Task data section start

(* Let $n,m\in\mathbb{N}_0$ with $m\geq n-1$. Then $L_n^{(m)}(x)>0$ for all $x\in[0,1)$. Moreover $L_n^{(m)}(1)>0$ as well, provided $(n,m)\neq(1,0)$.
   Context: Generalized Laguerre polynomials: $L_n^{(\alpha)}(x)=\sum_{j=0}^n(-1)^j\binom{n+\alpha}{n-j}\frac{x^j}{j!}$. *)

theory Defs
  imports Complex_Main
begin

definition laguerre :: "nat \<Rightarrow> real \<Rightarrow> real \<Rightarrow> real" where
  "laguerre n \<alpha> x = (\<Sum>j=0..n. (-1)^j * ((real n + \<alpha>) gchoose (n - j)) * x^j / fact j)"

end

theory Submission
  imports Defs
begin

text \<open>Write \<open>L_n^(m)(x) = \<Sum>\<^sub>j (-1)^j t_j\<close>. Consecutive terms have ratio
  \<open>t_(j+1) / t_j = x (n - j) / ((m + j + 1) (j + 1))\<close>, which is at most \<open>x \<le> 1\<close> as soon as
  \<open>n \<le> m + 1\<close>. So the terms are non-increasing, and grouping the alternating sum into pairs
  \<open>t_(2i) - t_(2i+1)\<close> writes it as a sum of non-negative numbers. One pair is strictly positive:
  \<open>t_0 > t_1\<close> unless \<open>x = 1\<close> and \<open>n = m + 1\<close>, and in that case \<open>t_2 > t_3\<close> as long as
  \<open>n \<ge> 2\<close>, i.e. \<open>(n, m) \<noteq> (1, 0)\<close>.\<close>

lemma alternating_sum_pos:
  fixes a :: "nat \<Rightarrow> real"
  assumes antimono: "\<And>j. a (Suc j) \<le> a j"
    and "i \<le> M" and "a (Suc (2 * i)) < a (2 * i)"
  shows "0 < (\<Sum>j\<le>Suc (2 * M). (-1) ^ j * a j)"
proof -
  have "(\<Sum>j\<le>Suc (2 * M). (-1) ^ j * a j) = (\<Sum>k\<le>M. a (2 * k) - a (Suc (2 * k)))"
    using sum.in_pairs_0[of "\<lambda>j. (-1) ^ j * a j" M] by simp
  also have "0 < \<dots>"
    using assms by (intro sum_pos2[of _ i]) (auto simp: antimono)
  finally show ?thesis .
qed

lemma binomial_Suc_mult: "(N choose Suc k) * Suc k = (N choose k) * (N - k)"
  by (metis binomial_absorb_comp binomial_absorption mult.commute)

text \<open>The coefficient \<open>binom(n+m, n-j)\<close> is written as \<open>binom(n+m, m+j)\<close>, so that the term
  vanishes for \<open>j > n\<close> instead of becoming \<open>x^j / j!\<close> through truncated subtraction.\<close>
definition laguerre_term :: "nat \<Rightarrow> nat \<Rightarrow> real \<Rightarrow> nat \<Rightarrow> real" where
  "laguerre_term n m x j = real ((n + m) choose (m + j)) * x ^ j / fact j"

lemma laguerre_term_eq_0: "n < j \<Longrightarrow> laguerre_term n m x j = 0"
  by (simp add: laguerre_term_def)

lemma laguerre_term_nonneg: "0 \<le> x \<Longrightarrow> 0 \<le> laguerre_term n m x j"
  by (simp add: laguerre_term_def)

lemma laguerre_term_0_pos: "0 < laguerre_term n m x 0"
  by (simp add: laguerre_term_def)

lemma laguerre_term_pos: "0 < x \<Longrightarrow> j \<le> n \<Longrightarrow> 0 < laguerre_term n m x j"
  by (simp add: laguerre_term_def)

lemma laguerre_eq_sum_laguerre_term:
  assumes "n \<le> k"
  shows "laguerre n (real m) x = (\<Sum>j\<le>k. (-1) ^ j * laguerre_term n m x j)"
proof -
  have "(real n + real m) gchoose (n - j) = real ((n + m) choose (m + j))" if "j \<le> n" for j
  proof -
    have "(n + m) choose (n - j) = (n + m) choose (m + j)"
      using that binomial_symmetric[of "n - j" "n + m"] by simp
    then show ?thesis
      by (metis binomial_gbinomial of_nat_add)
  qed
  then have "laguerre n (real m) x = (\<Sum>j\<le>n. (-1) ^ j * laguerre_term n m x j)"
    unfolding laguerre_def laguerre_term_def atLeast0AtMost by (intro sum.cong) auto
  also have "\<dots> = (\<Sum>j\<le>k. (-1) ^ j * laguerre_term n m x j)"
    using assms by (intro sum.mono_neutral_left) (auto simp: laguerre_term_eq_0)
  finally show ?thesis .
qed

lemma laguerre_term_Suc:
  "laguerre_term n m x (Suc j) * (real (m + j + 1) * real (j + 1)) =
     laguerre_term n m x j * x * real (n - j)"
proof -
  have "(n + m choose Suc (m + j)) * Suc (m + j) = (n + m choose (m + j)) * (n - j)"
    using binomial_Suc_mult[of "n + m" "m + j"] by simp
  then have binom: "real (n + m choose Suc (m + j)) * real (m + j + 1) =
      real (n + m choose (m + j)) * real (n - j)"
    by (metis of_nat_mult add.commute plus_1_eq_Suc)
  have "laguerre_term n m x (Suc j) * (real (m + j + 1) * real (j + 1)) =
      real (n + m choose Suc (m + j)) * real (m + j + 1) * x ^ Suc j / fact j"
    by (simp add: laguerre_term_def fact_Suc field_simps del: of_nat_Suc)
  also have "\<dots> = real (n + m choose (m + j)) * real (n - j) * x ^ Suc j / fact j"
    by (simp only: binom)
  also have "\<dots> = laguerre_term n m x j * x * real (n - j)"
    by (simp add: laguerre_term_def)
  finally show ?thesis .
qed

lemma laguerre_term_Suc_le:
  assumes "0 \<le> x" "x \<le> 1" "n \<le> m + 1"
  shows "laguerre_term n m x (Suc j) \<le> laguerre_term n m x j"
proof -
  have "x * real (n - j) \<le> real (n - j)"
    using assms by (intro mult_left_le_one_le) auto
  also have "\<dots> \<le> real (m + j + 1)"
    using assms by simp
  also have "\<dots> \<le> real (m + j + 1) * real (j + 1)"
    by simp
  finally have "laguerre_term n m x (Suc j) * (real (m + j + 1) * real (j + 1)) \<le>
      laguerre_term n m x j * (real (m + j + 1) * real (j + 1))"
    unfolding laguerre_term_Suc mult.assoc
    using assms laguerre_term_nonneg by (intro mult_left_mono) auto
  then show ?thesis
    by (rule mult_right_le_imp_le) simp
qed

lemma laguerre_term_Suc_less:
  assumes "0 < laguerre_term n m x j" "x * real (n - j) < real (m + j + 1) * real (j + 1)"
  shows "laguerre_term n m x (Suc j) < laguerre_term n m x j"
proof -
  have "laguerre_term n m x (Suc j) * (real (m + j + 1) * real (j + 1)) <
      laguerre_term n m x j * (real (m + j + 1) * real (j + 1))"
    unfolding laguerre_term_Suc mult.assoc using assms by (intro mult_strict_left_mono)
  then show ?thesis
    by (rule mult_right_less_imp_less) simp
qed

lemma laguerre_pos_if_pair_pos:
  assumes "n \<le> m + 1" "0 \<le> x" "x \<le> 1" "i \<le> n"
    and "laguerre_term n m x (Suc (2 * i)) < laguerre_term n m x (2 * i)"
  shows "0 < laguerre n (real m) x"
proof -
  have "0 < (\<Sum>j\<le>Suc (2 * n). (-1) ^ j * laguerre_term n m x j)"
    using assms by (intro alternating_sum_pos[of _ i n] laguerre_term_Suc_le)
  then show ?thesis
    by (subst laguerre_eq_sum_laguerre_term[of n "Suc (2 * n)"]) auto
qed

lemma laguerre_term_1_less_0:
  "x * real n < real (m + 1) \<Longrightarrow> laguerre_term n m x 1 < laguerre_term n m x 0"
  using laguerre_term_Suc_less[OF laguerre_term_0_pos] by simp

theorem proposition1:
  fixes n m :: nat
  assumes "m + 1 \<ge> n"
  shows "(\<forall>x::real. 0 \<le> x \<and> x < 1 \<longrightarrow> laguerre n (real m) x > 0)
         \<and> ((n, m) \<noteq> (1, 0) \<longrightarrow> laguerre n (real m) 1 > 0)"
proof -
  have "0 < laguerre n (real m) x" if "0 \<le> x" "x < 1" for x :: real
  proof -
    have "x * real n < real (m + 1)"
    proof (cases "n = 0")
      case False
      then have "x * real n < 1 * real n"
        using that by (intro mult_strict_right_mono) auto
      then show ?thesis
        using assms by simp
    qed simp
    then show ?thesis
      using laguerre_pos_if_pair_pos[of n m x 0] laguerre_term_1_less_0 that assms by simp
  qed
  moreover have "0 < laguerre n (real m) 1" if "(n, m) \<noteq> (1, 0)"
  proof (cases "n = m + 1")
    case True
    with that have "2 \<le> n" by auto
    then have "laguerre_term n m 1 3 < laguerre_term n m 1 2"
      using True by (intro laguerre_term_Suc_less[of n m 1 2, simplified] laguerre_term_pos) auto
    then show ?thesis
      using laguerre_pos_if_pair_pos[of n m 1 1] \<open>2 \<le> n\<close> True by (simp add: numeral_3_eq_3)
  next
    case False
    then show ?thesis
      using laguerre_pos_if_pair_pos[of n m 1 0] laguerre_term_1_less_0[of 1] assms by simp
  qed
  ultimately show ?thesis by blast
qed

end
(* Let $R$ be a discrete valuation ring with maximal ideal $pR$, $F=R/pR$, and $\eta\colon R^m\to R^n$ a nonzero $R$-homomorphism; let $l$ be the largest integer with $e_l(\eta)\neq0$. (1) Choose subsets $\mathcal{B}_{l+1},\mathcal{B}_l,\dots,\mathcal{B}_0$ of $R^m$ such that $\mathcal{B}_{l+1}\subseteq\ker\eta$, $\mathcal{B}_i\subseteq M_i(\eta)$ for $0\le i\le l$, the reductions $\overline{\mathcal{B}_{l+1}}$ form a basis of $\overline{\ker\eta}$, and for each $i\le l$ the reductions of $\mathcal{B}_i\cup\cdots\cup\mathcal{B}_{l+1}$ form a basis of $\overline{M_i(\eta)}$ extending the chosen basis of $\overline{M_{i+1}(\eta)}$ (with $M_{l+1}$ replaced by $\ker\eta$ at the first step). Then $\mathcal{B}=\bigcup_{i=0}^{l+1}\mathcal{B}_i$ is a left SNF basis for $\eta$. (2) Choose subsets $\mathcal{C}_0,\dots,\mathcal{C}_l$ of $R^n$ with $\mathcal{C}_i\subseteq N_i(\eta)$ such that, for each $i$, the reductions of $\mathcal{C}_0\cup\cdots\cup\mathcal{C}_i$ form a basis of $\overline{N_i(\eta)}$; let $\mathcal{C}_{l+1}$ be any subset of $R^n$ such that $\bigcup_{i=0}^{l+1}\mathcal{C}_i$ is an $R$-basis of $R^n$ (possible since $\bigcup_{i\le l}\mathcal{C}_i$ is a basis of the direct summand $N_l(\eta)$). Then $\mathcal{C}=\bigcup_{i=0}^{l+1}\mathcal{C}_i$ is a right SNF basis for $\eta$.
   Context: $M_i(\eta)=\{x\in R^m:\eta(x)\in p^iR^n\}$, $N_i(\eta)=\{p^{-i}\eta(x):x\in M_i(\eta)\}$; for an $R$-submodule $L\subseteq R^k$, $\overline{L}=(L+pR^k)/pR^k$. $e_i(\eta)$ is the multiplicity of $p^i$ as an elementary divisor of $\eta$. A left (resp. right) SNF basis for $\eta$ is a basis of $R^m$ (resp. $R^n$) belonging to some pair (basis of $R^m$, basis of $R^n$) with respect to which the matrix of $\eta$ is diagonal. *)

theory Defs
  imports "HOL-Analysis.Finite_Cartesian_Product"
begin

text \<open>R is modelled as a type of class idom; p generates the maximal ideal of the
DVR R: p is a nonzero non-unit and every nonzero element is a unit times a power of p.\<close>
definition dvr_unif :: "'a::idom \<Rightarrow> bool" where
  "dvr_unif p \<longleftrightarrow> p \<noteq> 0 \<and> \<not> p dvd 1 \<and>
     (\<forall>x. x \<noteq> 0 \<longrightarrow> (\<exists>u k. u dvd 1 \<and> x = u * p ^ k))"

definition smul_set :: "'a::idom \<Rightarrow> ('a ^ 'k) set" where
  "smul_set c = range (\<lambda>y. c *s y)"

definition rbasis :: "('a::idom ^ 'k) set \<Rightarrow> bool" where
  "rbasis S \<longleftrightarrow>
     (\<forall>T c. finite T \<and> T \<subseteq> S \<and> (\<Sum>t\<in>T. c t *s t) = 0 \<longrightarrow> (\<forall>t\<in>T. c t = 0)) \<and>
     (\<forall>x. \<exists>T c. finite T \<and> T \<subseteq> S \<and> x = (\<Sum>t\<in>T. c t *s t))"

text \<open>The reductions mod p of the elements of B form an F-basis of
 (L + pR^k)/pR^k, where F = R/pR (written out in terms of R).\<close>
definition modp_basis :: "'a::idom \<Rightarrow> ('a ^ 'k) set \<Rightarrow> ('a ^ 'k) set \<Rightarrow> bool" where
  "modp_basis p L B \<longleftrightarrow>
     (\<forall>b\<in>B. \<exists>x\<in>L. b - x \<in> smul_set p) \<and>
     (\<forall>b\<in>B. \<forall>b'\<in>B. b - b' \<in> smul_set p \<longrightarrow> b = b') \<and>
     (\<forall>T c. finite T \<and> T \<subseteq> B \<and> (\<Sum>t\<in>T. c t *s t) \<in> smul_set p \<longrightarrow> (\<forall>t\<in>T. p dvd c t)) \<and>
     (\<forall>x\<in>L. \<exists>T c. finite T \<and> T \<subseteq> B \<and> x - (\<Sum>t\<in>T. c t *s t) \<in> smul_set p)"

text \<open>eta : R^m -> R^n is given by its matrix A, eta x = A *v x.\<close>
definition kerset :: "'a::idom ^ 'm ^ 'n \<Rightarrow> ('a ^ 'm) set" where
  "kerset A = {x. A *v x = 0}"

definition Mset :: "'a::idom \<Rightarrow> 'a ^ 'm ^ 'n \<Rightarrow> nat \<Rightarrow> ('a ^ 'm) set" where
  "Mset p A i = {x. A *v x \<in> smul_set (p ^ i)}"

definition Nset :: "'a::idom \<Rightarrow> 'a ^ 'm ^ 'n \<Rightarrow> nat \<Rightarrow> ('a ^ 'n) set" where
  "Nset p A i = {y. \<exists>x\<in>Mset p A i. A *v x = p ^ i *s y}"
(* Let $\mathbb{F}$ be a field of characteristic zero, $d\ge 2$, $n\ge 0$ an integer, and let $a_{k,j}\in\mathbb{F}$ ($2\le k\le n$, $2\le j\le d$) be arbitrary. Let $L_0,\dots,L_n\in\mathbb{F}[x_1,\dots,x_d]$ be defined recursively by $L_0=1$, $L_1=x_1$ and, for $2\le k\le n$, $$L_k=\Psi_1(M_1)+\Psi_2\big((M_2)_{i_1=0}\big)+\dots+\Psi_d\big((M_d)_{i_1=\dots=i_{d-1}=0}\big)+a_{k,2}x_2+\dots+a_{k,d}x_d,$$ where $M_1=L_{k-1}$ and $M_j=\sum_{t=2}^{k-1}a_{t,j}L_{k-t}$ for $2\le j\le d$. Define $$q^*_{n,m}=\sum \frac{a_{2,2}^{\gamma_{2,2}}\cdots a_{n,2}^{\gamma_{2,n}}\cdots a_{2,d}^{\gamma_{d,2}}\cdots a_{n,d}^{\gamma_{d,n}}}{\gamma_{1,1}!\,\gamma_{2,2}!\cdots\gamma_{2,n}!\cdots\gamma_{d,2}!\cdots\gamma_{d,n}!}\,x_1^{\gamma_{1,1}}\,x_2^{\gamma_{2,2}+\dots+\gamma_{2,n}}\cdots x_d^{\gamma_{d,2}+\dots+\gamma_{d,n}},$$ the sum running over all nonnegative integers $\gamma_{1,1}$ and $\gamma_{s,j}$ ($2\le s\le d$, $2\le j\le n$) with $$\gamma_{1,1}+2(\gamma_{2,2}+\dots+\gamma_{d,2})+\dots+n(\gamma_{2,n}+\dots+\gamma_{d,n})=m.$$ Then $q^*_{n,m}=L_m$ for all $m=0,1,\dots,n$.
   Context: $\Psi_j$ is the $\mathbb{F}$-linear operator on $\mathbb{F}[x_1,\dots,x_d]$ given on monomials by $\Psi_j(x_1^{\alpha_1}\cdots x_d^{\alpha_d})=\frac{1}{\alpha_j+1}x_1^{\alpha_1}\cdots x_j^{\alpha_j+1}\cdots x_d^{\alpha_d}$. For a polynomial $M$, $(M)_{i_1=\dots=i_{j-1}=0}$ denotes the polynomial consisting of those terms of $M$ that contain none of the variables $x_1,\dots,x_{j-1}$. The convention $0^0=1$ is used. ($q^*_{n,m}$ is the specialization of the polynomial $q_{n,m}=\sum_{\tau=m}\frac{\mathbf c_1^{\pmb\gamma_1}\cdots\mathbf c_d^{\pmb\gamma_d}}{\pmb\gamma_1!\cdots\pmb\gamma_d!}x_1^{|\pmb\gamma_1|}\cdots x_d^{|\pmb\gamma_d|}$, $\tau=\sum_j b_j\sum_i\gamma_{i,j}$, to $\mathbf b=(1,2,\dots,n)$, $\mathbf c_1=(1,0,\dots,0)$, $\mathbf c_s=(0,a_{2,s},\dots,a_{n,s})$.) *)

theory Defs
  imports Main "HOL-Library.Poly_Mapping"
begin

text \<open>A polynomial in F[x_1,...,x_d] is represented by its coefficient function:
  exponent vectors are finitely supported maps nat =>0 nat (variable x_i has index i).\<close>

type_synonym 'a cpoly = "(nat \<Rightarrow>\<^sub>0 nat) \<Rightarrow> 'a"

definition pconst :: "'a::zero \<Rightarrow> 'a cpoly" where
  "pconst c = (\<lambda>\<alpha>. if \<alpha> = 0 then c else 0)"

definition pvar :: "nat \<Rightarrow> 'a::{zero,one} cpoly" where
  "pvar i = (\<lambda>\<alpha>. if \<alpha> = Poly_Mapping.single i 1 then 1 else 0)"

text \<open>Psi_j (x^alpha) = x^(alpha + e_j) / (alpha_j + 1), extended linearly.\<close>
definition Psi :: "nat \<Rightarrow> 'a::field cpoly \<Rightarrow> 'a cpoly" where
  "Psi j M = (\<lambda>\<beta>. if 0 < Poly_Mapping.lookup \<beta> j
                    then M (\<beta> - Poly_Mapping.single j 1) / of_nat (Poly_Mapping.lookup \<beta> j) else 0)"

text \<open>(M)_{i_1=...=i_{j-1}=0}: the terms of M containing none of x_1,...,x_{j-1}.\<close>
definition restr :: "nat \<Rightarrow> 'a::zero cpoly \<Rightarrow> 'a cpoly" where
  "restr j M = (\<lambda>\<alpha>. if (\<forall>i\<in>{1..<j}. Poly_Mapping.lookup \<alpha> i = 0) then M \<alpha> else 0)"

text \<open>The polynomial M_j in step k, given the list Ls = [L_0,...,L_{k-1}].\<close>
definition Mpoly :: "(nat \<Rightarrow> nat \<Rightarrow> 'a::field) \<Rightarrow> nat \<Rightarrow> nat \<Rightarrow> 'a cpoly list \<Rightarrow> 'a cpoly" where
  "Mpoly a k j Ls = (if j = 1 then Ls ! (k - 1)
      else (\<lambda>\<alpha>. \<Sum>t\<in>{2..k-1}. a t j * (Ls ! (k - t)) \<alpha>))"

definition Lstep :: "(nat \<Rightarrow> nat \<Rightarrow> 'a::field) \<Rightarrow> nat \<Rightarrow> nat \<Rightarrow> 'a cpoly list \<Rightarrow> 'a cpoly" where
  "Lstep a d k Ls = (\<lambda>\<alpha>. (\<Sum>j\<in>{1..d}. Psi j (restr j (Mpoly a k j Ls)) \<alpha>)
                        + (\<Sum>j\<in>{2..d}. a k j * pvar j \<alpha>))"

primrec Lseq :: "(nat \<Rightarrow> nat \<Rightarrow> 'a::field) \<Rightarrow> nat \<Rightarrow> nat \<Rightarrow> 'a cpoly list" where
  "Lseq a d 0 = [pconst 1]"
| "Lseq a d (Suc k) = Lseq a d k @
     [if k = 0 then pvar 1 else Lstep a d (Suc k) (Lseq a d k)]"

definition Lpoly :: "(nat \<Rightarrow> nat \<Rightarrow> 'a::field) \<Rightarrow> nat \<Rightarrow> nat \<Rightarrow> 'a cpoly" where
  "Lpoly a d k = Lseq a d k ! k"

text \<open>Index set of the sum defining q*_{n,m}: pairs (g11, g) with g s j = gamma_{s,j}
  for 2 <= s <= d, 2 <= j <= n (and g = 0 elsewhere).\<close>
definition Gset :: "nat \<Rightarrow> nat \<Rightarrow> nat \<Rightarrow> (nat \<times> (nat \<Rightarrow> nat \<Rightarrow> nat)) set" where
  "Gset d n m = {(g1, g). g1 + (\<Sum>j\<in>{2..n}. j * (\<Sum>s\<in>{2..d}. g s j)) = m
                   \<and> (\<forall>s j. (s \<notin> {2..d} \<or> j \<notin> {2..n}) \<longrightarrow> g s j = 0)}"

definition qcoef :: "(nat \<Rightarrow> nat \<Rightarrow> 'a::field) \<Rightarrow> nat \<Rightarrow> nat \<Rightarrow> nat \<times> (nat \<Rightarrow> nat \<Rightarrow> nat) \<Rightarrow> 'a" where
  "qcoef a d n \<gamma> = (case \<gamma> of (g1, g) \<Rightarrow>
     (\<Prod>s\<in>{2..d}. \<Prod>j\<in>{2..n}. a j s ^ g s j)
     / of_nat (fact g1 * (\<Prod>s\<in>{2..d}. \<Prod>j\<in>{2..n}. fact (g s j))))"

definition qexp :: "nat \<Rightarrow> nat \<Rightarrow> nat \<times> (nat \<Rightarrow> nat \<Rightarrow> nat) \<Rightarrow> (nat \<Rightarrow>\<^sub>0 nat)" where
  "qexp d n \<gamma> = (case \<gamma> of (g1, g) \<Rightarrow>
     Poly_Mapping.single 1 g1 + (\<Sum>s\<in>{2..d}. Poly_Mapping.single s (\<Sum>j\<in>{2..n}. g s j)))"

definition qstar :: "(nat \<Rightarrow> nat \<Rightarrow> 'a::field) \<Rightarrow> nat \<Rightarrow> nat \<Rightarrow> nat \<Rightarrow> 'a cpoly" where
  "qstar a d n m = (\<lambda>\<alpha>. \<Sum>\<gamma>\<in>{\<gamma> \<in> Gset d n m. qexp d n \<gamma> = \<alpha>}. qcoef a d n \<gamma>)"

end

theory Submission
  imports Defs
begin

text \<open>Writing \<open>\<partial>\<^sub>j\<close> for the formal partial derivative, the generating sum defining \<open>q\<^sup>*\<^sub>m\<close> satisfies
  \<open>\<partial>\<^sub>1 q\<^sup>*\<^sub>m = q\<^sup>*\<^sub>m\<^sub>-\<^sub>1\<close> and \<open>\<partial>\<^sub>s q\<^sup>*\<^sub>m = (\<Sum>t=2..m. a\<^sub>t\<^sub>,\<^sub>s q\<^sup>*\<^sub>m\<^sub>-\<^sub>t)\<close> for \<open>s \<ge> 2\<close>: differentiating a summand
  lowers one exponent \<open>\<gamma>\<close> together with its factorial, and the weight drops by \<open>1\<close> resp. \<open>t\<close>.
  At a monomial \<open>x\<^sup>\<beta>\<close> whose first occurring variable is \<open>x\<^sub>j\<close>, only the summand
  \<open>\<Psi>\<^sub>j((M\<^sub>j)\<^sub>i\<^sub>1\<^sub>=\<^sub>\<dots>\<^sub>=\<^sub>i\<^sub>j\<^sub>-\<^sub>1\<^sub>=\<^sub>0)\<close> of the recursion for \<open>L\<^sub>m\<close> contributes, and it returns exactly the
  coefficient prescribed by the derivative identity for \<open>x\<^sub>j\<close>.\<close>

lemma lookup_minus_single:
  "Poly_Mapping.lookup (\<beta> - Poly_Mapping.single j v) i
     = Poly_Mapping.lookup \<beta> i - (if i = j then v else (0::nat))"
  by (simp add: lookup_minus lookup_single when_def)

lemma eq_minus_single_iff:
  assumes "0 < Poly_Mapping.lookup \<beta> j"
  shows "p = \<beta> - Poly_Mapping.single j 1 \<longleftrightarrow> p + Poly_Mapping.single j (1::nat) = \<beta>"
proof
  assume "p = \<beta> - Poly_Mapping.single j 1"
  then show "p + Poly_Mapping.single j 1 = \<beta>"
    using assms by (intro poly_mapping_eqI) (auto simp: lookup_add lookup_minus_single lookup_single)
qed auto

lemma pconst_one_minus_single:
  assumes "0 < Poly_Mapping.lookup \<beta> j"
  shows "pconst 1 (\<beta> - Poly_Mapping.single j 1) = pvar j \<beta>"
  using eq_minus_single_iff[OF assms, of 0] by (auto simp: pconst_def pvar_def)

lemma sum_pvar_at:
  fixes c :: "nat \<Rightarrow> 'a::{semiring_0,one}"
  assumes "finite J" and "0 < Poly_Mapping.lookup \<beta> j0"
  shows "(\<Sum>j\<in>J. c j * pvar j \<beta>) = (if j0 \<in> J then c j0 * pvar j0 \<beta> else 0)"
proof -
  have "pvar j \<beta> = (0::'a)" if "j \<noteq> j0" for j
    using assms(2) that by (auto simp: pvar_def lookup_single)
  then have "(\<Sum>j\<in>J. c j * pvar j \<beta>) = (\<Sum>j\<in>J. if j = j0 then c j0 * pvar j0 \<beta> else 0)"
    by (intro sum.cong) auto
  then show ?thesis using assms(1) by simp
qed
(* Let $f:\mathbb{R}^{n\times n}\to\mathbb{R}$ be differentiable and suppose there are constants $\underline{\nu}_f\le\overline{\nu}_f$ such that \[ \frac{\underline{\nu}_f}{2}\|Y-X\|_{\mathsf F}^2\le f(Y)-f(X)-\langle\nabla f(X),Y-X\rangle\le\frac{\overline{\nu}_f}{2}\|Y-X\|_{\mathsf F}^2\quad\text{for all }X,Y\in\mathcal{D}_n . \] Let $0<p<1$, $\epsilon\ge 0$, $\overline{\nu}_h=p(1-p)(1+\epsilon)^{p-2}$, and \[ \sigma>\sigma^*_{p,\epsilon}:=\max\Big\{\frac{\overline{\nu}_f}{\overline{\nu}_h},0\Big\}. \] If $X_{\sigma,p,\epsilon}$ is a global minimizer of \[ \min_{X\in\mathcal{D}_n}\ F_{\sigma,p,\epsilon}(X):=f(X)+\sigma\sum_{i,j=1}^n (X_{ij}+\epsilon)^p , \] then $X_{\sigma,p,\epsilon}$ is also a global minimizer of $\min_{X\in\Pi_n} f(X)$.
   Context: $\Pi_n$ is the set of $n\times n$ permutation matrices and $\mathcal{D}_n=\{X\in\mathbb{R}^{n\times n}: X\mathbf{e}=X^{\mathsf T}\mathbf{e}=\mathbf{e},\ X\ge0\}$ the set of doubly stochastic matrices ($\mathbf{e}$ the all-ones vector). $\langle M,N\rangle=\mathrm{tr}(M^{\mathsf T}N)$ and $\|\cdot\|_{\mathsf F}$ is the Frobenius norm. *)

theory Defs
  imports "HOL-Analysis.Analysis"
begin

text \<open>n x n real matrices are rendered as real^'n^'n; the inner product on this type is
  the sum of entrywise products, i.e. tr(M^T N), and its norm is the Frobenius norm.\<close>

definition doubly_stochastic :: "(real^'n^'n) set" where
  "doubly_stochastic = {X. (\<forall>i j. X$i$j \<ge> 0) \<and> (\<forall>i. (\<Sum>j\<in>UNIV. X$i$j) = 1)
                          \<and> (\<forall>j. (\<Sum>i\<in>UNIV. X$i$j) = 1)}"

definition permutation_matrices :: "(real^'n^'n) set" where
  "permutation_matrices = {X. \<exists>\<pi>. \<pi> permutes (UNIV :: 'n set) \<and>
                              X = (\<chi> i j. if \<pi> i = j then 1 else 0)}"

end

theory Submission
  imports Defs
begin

Task data section end

* **Exercise**: The answer must be every line of the records that contains the word "Gset".

* **The completed task**:
definition Gset :: "nat \<Rightarrow> nat \<Rightarrow> nat \<Rightarrow> (nat \<times> (nat \<Rightarrow> nat \<Rightarrow> nat)) set" where
  "Gset d n m = {(g1, g). g1 + (\<Sum>j\<in>{2..n}. j * (\<Sum>s\<in>{2..d}. g s j)) = m
  "qstar a d n m = (\<lambda>\<alpha>. \<Sum>\<gamma>\<in>{\<gamma> \<in> Gset d n m. qexp d n \<gamma> = \<alpha>}. qcoef a d n \<gamma>)"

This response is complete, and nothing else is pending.